The launch of the 150th anniversary celebrations took place on June 28, coinciding with the founder of Methodism, John Wesley’s birthday, and commenced with the unveiling of both the official logo of the 150-year milestone as well as the launch of the official College website. Between a grand Kandyan dance display and moving performances by the Wesley College brass band and Choir, the keynote speakers for the evening were alumni who shared memories of their days at Wesley.
Special invitees included the President of the Methodist Church of Sri Lanka and Manager of Wesley College, Rev. Ebenezer Joseph, Secretary of the Methodist Conference, Rev.

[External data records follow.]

(* Let $\mathcal{F}^\star$ be a probability distribution on $\mathbb{R}$ with cumulative distribution function $F$, mean $\mu$ and standard deviation $\sigma\in(0,\infty)$. Let $p,r\ge 1$ be integers and $n=pr$. Consider $n$ respondents partitioned into $p$ disjoint groups (cliques) $C_1,\dots,C_p$ each of size $r$; each respondent $i$ has an initial belief $X_i$, where $X_1,\dots,X_n$ are i.i.d. from $\mathcal{F}^\star$. After interaction each respondent $i\in C_k$ holds the updated belief $X_i'=\frac{1}{r}\sum_{j\in C_k}X_j$. Let $\hat{F}^r_p(t)=\frac{1}{n}\sum_{i=1}^n\mathbf{1}(X_i'\le t)$ be the empirical cdf of the updated beliefs. Let $F^r$ be the cdf of the mean of $r$ i.i.d. samples from $\mathcal{F}^\star$, let $\tilde{F}$ be the cdf of $N(\mu,\sigma^2)$ and $\tilde{F}^r$ the cdf of $N(\mu,\sigma^2/r)$. Then $$\mathbb{E}\big[W_1(F,\hat{F}^r_p)\big]\le \sigma\Big(1-\frac{1}{\sqrt{r}}\Big)+\frac{1}{\sqrt{p}}\int_{\mathbb{R}}\sqrt{F^r(t)(1-F^r(t))}\,dt+\sigma\sqrt{2(1-\rho^{F,\tilde{F}})}+\sigma\sqrt{\tfrac{2}{r}(1-\rho^{F^r,\tilde{F}^r})}.$$
   Context: For probability measures on $\mathbb{R}$ with cdfs $G_1,G_2$, $W_1(G_1,G_2)=\int_{\mathbb{R}}|G_1(x)-G_2(x)|\,dx$. For two distributions $A,B$ on $\mathbb{R}$ with cdfs $G_A,G_B$, means $\mu_A,\mu_B$ and standard deviations $\sigma_A,\sigma_B>0$, $\rho^{G_A,G_B}$ denotes the Pearson correlation of the points of the quantile–quantile plot of $G_A$ and $G_B$, i.e. $\rho^{G_A,G_B}=\frac{1}{\sigma_A\sigma_B}\int_0^1 (G_A^{-1}(q)-\mu_A)(G_B^{-1}(q)-\mu_B)\,dq$, where $G^{-1}$ is the quantile function. *)

theory Defs
  imports "HOL-Probability.Probability"
begin

definition W1 :: "(real \<Rightarrow> real) \<Rightarrow> (real \<Rightarrow> real) \<Rightarrow> ennreal" where
  "W1 G1 G2 = (\<integral>\<^sup>+ x. ennreal \<bar>G1 x - G2 x\<bar> \<partial>lborel)"

definition quantile :: "(real \<Rightarrow> real) \<Rightarrow> real \<Rightarrow> real" where
  "quantile G q = Inf {x. q \<le> G x}"

text \<open>Pearson correlation of the points of the QQ plot of GA and GB, given the
  means and standard deviations of the two distributions.\<close>
definition qq_corr ::
  "(real \<Rightarrow> real) \<Rightarrow> (real \<Rightarrow> real) \<Rightarrow> real \<Rightarrow> real \<Rightarrow> real \<Rightarrow> real \<Rightarrow> real" where
  "qq_corr GA GB muA muB sA sB =
     (1 / (sA * sB)) *
     (LINT q:{0<..<1}|lborel. (quantile GA q - muA) * (quantile GB q - muB))"

definition normal_cdf :: "real \<Rightarrow> real \<Rightarrow> real \<Rightarrow> real" where
  "normal_cdf mu s = cdf (density lborel (normal_density mu s))"

definition mean_cdf :: "real measure \<Rightarrow> nat \<Rightarrow> real \<Rightarrow> real" where
  "mean_cdf M r = cdf (distr (PiM {..<r} (\<lambda>_. M)) borel (\<lambda>\<omega>. (\<Sum>i<r. \<omega> i) / real r))"

end

theory Submission
  imports Defs
begin

text \<open>
  Split \<open>W1(F, F\<^sub>p\<^sup>r)\<close> by the triangle inequality at the cdf \<open>F\<^sup>r\<close> of the mean of \<open>r\<close> samples.

  All \<open>r\<close> members of a clique hold the same updated belief, so the empirical cdf of the
  updated beliefs is the empirical cdf of the \<open>p\<close> clique means, which are independent with
  cdf \<open>F\<^sup>r\<close>. At each \<open>t\<close> it is an average of \<open>p\<close> Bernoulli variables, so its expected
  distance from \<open>F\<^sup>r(t)\<close> is at most \<open>sqrt (F\<^sup>r(t) (1 - F\<^sup>r(t)) / p)\<close>; Fubini integrates
  this over \<open>t\<close>.

  The deterministic term \<open>W1(F, F\<^sup>r)\<close> is split further at \<open>N(\<mu>, \<sigma>\<^sup>2)\<close> and
  \<open>N(\<mu>, \<sigma>\<^sup>2/r)\<close>. Every coupling \<open>(X, Y)\<close> gives \<open>W1 \<le> E|X - Y|\<close>. Scaling one standard
  normal \<open>Z\<close> couples the two normals at cost \<open>\<sigma> (1 - 1/sqrt r) E|Z| \<le> \<sigma> (1 - 1/sqrt r)\<close>.
  Two distributions with common mean and variance \<open>s\<^sup>2\<close>, coupled through their quantile
  functions of one uniform variable, have \<open>E (Q\<^sub>A - Q\<^sub>B)\<^sup>2 = 2 s\<^sup>2 (1 - \<rho>)\<close>.
\<close>

section \<open>Couplings and second moments\<close>

lemma W1_commute: "W1 F G = W1 G F"
  unfolding W1_def by (simp add: abs_minus_commute)

lemma W1_triangle:
  assumes [measurable]: "F \<in> borel_measurable borel" "G \<in> borel_measurable borel"
    "H \<in> borel_measurable borel"
  shows "W1 F H \<le> W1 F G + W1 G H"
proof -
  have "W1 F H \<le> (\<integral>\<^sup>+ x. ennreal \<bar>F x - G x\<bar> + ennreal \<bar>G x - H x\<bar> \<partial>lborel)"
    unfolding W1_def by (intro nn_integral_mono) (simp flip: ennreal_plus)
  also have "\<dots> = W1 F G + W1 G H"
    unfolding W1_def by (rule nn_integral_add) auto
  finally show ?thesis .
qed

lemma borel_measurable_cdf: "real_distribution N \<Longrightarrow> cdf N \<in> borel_measurable borel"
  using cdf_distribution.measurable_C[of N] by (simp add: cdf_distribution_def)

lemma cdf_distr: "X \<in> borel_measurable P \<Longrightarrow> cdf (distr P borel X) t = measure P {\<omega>\<in>space P. X \<omega> \<le> t}"
  by (simp add: cdf_def measure_distr vimage_def Int_def conj_commute)

lemma W1_cdf_distr_le:
  assumes "prob_space P" and [measurable]: "X \<in> borel_measurable P" "Y \<in> borel_measurable P"
  shows "W1 (cdf (distr P borel X)) (cdf (distr P borel Y)) \<le> (\<integral>\<^sup>+ \<omega>. ennreal \<bar>X \<omega> - Y \<omega>\<bar> \<partial>P)"
proof -
  interpret prob_space P by fact
  interpret pair_sigma_finite lborel P by unfold_locales
  \<comment> \<open>\<open>|1[X \<omega> \<le> t] - 1[Y \<omega> \<le> t]|\<close> is the indicator of \<open>t \<in> between \<omega>\<close>, whose length is \<open>|X \<omega> - Y \<omega>|\<close>\<close>
  define between where "between \<omega> = {min (X \<omega>) (Y \<omega>) ..< max (X \<omega>) (Y \<omega>)}" for \<omega>
  have [measurable]: "(\<lambda>(t, \<omega>). indicator (between \<omega>) t :: ennreal) \<in> borel_measurable (lborel \<Otimes>\<^sub>M P)"
    unfolding between_def indicator_def atLeastLessThan_iff by measurable
  have cdf_diff: "ennreal \<bar>cdf (distr P borel X) t - cdf (distr P borel Y) t\<bar>
      \<le> (\<integral>\<^sup>+ \<omega>. indicator (between \<omega>) t \<partial>P)" for t
  proof -
    let ?A = "{\<omega>\<in>space P. X \<omega> \<le> t}" and ?B = "{\<omega>\<in>space P. Y \<omega> \<le> t}"
    have A: "?A \<in> events" and B: "?B \<in> events" by measurable
    have "\<bar>prob ?A - prob ?B\<bar> \<le> prob (?A - ?B) + prob (?B - ?A)"
      using finite_measure_Diff'[OF A B] finite_measure_Diff'[OF B A]
        finite_measure_mono[of "?A \<inter> ?B" ?A] finite_measure_mono[of "?A \<inter> ?B" ?B] A B
      by (simp add: Int_commute)
    also have "\<dots> = prob ((?A - ?B) \<union> (?B - ?A))"
      using A B by (subst finite_measure_Union) auto
    also have "(?A - ?B) \<union> (?B - ?A) = {\<omega>\<in>space P. t \<in> between \<omega>}"
      by (auto simp: between_def)
    finally have "ennreal \<bar>prob ?A - prob ?B\<bar> \<le> emeasure P {\<omega>\<in>space P. t \<in> between \<omega>}"
      by (simp add: emeasure_eq_measure)
    also have "\<dots> = (\<integral>\<^sup>+ \<omega>. indicator {\<omega>\<in>space P. t \<in> between \<omega>} \<omega> \<partial>P)"
      by (rule nn_integral_indicator[symmetric]) (simp add: between_def)
    also have "\<dots> = (\<integral>\<^sup>+ \<omega>. indicator (between \<omega>) t \<partial>P)"
      by (intro nn_integral_cong) (auto split: split_indicator)
    finally show ?thesis
      by (simp add: cdf_distr)
  qed
  have "W1 (cdf (distr P borel X)) (cdf (distr P borel Y))
      \<le> (\<integral>\<^sup>+ t. (\<integral>\<^sup>+ \<omega>. indicator (between \<omega>) t \<partial>P) \<partial>lborel)"
    unfolding W1_def by (intro nn_integral_mono cdf_diff)
  also have "\<dots> = (\<integral>\<^sup>+ \<omega>. (\<integral>\<^sup>+ t. indicator (between \<omega>) t \<partial>lborel) \<partial>P)"
    by (rule Fubini'[symmetric]) measurable
  also have "\<dots> = (\<integral>\<^sup>+ \<omega>. ennreal \<bar>X \<omega> - Y \<omega>\<bar> \<partial>P)"
    by (intro nn_integral_cong) (auto simp: between_def max_def min_def)
  finally show ?thesis .
qed

lemma (in prob_space) nn_integral_abs_le_sqrt_second_moment:
  fixes f :: "'a \<Rightarrow> real"
  assumes [measurable]: "f \<in> borel_measurable M" and "integrable M (\<lambda>x. (f x)\<^sup>2)"
  shows "(\<integral>\<^sup>+ x. ennreal \<bar>f x\<bar> \<partial>M) \<le> ennreal (sqrt (expectation (\<lambda>x. (f x)\<^sup>2)))"
proof -
  have "integrable M (\<lambda>x. \<bar>f x\<bar>)"
    using square_integrable_imp_integrable[OF assms] by simp
  then have "(expectation (\<lambda>x. \<bar>f x\<bar>))\<^sup>2 \<le> expectation (\<lambda>x. (f x)\<^sup>2)"
    using variance_positive[of "\<lambda>x. \<bar>f x\<bar>"] variance_eq[of "\<lambda>x. \<bar>f x\<bar>"] assms(2) by simp
  then have "expectation (\<lambda>x. \<bar>f x\<bar>) \<le> sqrt (expectation (\<lambda>x. (f x)\<^sup>2))"
    by (simp add: real_le_rsqrt)
  with \<open>integrable M (\<lambda>x. \<bar>f x\<bar>)\<close> show ?thesis
    by (subst nn_integral_eq_integral) auto
qed

lemma integrable_mult_of_square_integrable:
  fixes f g :: "'a \<Rightarrow> real"
  assumes [measurable]: "f \<in> borel_measurable M" "g \<in> borel_measurable M"
    and "integrable M (\<lambda>x. (f x)\<^sup>2)" "integrable M (\<lambda>x. (g x)\<^sup>2)"
  shows "integrable M (\<lambda>x. f x * g x)"
proof (rule Bochner_Integration.integrable_bound)
  show "integrable M (\<lambda>x. (f x)\<^sup>2 + (g x)\<^sup>2)"
    using assms(3,4) by simp
  show "AE x in M. norm (f x * g x) \<le> norm ((f x)\<^sup>2 + (g x)\<^sup>2)"
  proof (intro AE_I2)
    fix x
    have "2 * \<bar>f x * g x\<bar> \<le> (f x)\<^sup>2 + (g x)\<^sup>2"
      using sum_squares_bound[of "\<bar>f x\<bar>" "\<bar>g x\<bar>"] by (simp add: abs_mult mult.assoc)
    then show "norm (f x * g x) \<le> norm ((f x)\<^sup>2 + (g x)\<^sup>2)"
      using abs_ge_zero[of "f x * g x"] by simp
  qed
qed simp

Leslie Dareeju, Vice President of the Methodist Church of Sri Lanka, Roshini Peiris, Chaplain of Wesley College, Rev. Rajeev Palihawadana and former Principal of Wesley College, M.A.P Fernando.
Among the speakers were Dean of the Faculty and Senior Professor at the University of Kelaniya, Prof. Sudath Kalingamudali, cricketer Farveez Maharoof and Group Managing Director of the Metropolitan Group of Companies, Ivor Maharoof, media personality Kumar De Silva, and founder of Sri Lanka Unites, Prashan De Visser.
Farveez Maharoof shared a few words on the strong support he received from his alma mater when undertaking his duties as vice captain of the Under 15 national team while concurrently preparing for the Ordinary Level examinations. “Cricket has given me everything but to do that, College first gave me the foundation and the discipline, the gratitude, fellowship and brotherhood,” he said.
“If I look back at my time at Wesley College, we grew on three pillars; education, sports and extracurricular activities – connecting these three pillars, the underlying motif with a vengeance was discipline. Discipline was key, it was critical and it was drilled into us and that has, I believe, made us what we are here today,” Kumar de Silva noted.
Prashan De Visser spoke in similar vein: “All of us came to Wesley as boys and left as men. Not just men, but men with deep values and character that was instilled upon us in these hallowed halls and instilled upon us by these amazing teachers and principals who cared for us – who saw that their call in life was to ensure that they brought out the best in us.”
To mark the landmark anniversary, Wesley College has organised a range of projects and programmes focusing on education and infrastructure not just for Wesley but more needy schools as well. One such project initiated in 2018 focuses on assisting 150 schools in rural and underprivileged areas in the country.
A magazine chronicling Wesley’s extensive history is also to be released and several fundraising events are planned including a ‘Walk of Grit’ and its first ever Double Blues symphony orchestra performance.
Addressing the gathering, Principal Avanka Fernando outlined the school’s guiding philosophy of inculcating Christian values and providing a holistic education to all students. “To guide all our students aiming to reach their goals by inculcating core values of trust, sharing, to be innovative, to promote discipline and to be men with integrity while respecting each other and be second to none.”